According to court documents, Glore received a payment of $150,000 from Miller Aug. 18, while the same day Grant received a $160,000 payment — both transferred from the frozen PFCU account. Another transfer of $75,000 made Aug. 21 to Glore was later used to post bail for Miller.
Glore has contended that he was "never the recipient of any funds from Miller," but rather that the money was deposited into a client trust account overseen by his law firm. Meanwhile, Grant — whose firm is based in Philadelphia — has argued that since the money he received from Miller is being held in a client trust account in Pennsylvania, the rules of state's Supreme Court would prohibit him from transferring any funds back to the territory, according to Cole's motion.
Grant doesn't have to pay the money out of pocket because he hasn't yet been found in contempt of court, Cole added.
Both attorneys have also cited a conflict with a recent decision made by Superior Court Judge Michael C. Dunston to extend the restraining order until the case against Miller, Carty and Najawicz comes to an end. The ruling, they contend, conflicts with Carroll's order to have Miller and his attorneys pay back the $1.1 million transferred from the frozen PFCU account.
The extension means the money is currently frozen in the attorneys' client trust accounts and can't be taken out until the trial is over — otherwise, Dunston could find Glore and Grant in contempt, Cole said.
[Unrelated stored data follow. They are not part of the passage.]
subsection \<open>The Jacobian of the flow\<close>

text \<open>Liouville's formula: the angular Jacobian of the flow is the exponential of the time
  integral of vel_dz along the characteristic. The rate is continuous in time, so it has a
  primitive; log_jac is the primitive vanishing at time 0.\<close>
definition stretch_rate :: "real \<Rightarrow> real \<Rightarrow> real \<Rightarrow> real" where
  "stretch_rate s \<theta> \<omega> = vel_dz s (\<Theta> s \<theta> \<omega>)"

lemma stretch_rate_cont: "isCont (\<lambda>s. stretch_rate s \<theta> \<omega>) t"
  unfolding stretch_rate_def vel_dz_def by (intro continuous_intros Rcos_cont Rsin_cont \<Theta>_cont)

definition stretch_prim :: "real \<Rightarrow> real \<Rightarrow> real \<Rightarrow> real" where
  "stretch_prim \<theta> \<omega> = (SOME F. \<forall>s. (F has_real_derivative stretch_rate s \<theta> \<omega>) (at s))"

definition log_jac :: "real \<Rightarrow> real \<Rightarrow> real \<Rightarrow> real" where
  "log_jac t \<theta> \<omega> = stretch_prim \<theta> \<omega> t - stretch_prim \<theta> \<omega> 0"

definition jac :: "real \<Rightarrow> real \<Rightarrow> real \<Rightarrow> real" where
  "jac t \<theta> \<omega> = exp (log_jac t \<theta> \<omega>)"

lemma stretch_prim_deriv: "(stretch_prim \<theta> \<omega> has_real_derivative stretch_rate s \<theta> \<omega>) (at s)"
proof -
  have "\<exists>F. \<forall>x::real. -\<infinity> < ereal x \<longrightarrow> ereal x < \<infinity> \<longrightarrow>
          (F has_vector_derivative stretch_rate x \<theta> \<omega>) (at x)"
    by (rule einterval_antiderivative) (auto intro: stretch_rate_cont)
  then have "\<exists>F. \<forall>s. (F has_real_derivative stretch_rate s \<theta> \<omega>) (at s)"
    by (auto simp: has_real_derivative_iff_has_vector_derivative)
  then show ?thesis
    unfolding stretch_prim_def by (rule someI2_ex) blast
qed

lemma log_jac_deriv: "((\<lambda>s. log_jac s \<theta> \<omega>) has_real_derivative stretch_rate t \<theta> \<omega>) (at t)"
  unfolding log_jac_def by (auto intro!: derivative_eq_intros stretch_prim_deriv)

lemma log_jac_0[simp]: "log_jac 0 \<theta> \<omega> = 0"
  by (simp add: log_jac_def)

lemma log_jac_bound: "\<bar>log_jac t \<theta> \<omega>\<bar> \<le> 2 * K * \<bar>t\<bar>"
  using mean_value_bound[of "\<lambda>s. log_jac s \<theta> \<omega>" "\<lambda>s. stretch_rate s \<theta> \<omega>" 0 t "2 * K"]
    log_jac_deriv vel_dz_bound by (simp add: stretch_rate_def)

lemma jac_pos: "jac t \<theta> \<omega> > 0"
  by (simp add: jac_def)

lemma jac_le: "jac s \<theta> \<omega> \<le> exp (2 * K * \<bar>s\<bar>)"
  unfolding jac_def using log_jac_bound[of s \<theta> \<omega>] by simp

text \<open>To identify jac with the angular derivative of the flow we follow the difference
  quotient of two characteristics in time: its logarithm grows at the rate of a secant
  slope of the velocity, which differs from stretch_rate by O(h).\<close>
definition diff_quot :: "real \<Rightarrow> real \<Rightarrow> real \<Rightarrow> real \<Rightarrow> real" where
  "diff_quot h s \<theta> \<omega> = (\<Theta> s (\<theta> + h) \<omega> - \<Theta> s \<theta> \<omega>) / h"

definition vel_secant :: "real \<Rightarrow> real \<Rightarrow> real \<Rightarrow> real \<Rightarrow> real" where
  "vel_secant s x y \<omega> = (vel s y \<omega> - vel s x \<omega>) / (y - x)"

lemma vel_secant_bound: "\<bar>vel_secant s x y \<omega>\<bar> \<le> 2 * K"
proof (cases "x = y")
  case False
  then show ?thesis
    using vel_lipschitz[of s y \<omega> x] by (simp add: vel_secant_def abs_divide pos_divide_le_eq)
qed (use K_pos in \<open>simp add: vel_secant_def\<close>)

lemma vel_secant_approx:
  assumes "x \<noteq> y"
  shows "\<bar>vel_secant s x y \<omega> - vel_dz s x\<bar> \<le> 2 * K * \<bar>y - x\<bar>"
proof -
  have "vel_secant s x y \<omega> - vel_dz s x = (vel s y \<omega> - vel s x \<omega> - vel_dz s x * (y - x)) / (y - x)"
    using assms by (simp add: vel_secant_def field_simps)
  moreover have "\<bar>vel s y \<omega> - vel s x \<omega> - vel_dz s x * (y - x)\<bar> \<le> (2 * K * \<bar>y - x\<bar>) * \<bar>y - x\<bar>"
    using vel_taylor[of s y \<omega> x] by (simp add: power2_eq_square abs_mult_self_eq)
  ultimately show ?thesis
    using assms by (simp add: abs_divide pos_divide_le_eq)
qed

lemma diff_quot_pos:
  assumes "h \<noteq> 0"
  shows "diff_quot h s \<theta> \<omega> > 0"
proof (cases "h > 0")
  case True
  then show ?thesis using \<Theta>_mono[of \<theta> "\<theta> + h" s \<omega>] by (simp add: diff_quot_def)
next
  case False
  then have "h < 0" using assms by simp
  then show ?thesis
    using \<Theta>_mono[of "\<theta> + h" \<theta> s \<omega>] by (simp add: diff_quot_def divide_neg_neg)
qed

lemma ln_diff_quot_deriv:
  assumes "h \<noteq> 0"
  shows "((\<lambda>s. ln (diff_quot h s \<theta> \<omega>)) has_real_derivative
           vel_secant s (\<Theta> s \<theta> \<omega>) (\<Theta> s (\<theta> + h) \<omega>) \<omega>) (at s)"
proof -
  have sep: "\<Theta> s (\<theta> + h) \<omega> - \<Theta> s \<theta> \<omega> \<noteq> 0"
    using diff_quot_pos[OF assms, of s \<theta> \<omega>] by (auto simp: diff_quot_def)
  have "((\<lambda>s. diff_quot h s \<theta> \<omega>) has_real_derivative
          (vel s (\<Theta> s (\<theta> + h) \<omega>) \<omega> - vel s (\<Theta> s \<theta> \<omega>) \<omega>) / h) (at s)"
    unfolding diff_quot_def using assms by (auto intro!: derivative_eq_intros \<Theta>_deriv)
  from DERIV_chain2[OF DERIV_ln_divide[OF diff_quot_pos[OF assms]] this]
  moreover have "1 / diff_quot h s \<theta> \<omega> * ((vel s (\<Theta> s (\<theta> + h) \<omega>) \<omega> - vel s (\<Theta> s \<theta> \<omega>) \<omega>) / h)
      = vel_secant s (\<Theta> s \<theta> \<omega>) (\<Theta> s (\<theta> + h) \<omega>) \<omega>"
    using assms sep by (simp add: diff_quot_def vel_secant_def)
  ultimately show ?thesis by simp
qed

lemma ln_diff_quot_bound:
  assumes "h \<noteq> 0"
  shows "\<bar>ln (diff_quot h s \<theta> \<omega>)\<bar> \<le> 2 * K * \<bar>s\<bar>"
  using mean_value_bound[OF ln_diff_quot_deriv[OF assms], where a = 0 and b = s and B = "2 * K"]
    vel_secant_bound assms
  by (simp add: diff_quot_def \<Theta>_init)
As of Sept. 8, Miller's client trust account at the Philadelphia-based firm of Grant and Lebowitz showed a balance of $100,000, while his trust account at Dudley, Clarke and Chan contained close to $124,000, according to court documents.
Carroll dismissed Cole's arguments in his ruling Tuesday.
"This judge's (contempt) order is simply directing the attorneys to place the identified funds in the court's registry and to disburse the funds to other third parties," Carroll wrote in his ruling denying the motions. "It is difficult to see how placing the funds in the court's registry to protect said funds from being further diminished would violate Judge Dunston's order or harm the attorneys in any way."
The government also needs to know where the money is and have some kind of assurance that it's not going to continue to change hands, Carroll said.
"Transfer of funds to the court registry puts the people in a stronger position regarding the security of the funds, and eliminates the guesswork as to how much money is actually being restrained," the judge wrote. "For example, the court cannot ignore the fact that the attorneys made a representation in open court on Oct. 24, 2008, as to the amount of money in their accounts, which subsequently proved to be untrue. Having the funds transferred to the court registry will eliminate such confusion and the balance of the equities in transferring the funds therefore weighs in favor of the people with respect to the attorneys and with respect to Miller."